• _Requirement_:
In the records below, begin at the line that has "- (\<Sum>i<?n. cnj" and stop after the line that has "using has_derivative_zero_constant[OF convex_UNIV]"; quote those lines verbatim and nothing more.

──────── Dataset ────────

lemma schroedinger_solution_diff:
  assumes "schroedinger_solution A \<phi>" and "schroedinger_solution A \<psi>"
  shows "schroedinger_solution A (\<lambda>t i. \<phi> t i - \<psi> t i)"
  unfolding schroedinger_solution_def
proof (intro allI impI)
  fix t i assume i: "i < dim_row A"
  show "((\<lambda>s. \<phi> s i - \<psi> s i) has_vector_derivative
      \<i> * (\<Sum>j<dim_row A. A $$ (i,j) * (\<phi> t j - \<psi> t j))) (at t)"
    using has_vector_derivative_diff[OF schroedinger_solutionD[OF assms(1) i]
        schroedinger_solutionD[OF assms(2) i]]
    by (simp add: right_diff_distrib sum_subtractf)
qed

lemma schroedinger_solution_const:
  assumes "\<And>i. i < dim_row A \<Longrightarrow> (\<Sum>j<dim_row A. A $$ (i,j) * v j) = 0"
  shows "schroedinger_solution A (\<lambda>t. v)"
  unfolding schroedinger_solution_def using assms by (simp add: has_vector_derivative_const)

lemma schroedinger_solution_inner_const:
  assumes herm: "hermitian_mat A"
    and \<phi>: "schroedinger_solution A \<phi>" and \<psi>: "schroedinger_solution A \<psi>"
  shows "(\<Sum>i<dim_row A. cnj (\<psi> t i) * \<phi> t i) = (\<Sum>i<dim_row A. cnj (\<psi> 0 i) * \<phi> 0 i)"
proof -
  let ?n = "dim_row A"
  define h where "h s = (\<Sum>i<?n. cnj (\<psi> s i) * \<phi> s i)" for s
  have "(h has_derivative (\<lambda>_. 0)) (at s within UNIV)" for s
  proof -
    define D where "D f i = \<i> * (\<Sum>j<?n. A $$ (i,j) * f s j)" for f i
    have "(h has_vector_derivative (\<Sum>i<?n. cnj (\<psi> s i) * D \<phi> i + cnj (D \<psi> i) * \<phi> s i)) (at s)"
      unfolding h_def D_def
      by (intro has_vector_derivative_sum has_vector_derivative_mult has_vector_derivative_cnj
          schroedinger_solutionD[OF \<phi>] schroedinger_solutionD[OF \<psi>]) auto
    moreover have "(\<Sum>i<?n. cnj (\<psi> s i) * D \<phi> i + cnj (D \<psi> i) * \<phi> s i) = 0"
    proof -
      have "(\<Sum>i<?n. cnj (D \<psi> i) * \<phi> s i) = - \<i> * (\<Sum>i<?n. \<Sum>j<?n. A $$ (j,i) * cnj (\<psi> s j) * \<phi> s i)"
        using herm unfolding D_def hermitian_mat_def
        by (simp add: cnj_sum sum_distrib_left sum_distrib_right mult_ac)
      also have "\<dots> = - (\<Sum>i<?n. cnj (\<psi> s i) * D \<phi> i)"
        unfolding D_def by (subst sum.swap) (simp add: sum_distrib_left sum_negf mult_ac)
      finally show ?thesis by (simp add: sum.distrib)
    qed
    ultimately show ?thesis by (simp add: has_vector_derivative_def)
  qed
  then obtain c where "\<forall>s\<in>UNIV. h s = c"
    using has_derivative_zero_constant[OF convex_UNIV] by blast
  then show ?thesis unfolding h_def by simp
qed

────────

• _Solution below_:
      also have "\<dots> = - (\<Sum>i<?n. cnj (\<psi> s i) * D \<phi> i)"
        unfolding D_def by (subst sum.swap) (simp add: sum_distrib_left sum_negf mult_ac)
      finally show ?thesis by (simp add: sum.distrib)
    qed
    ultimately show ?thesis by (simp add: has_vector_derivative_def)
  qed
  then obtain c where "\<forall>s\<in>UNIV. h s = c"
    using has_derivative_zero_constant[OF convex_UNIV] by blast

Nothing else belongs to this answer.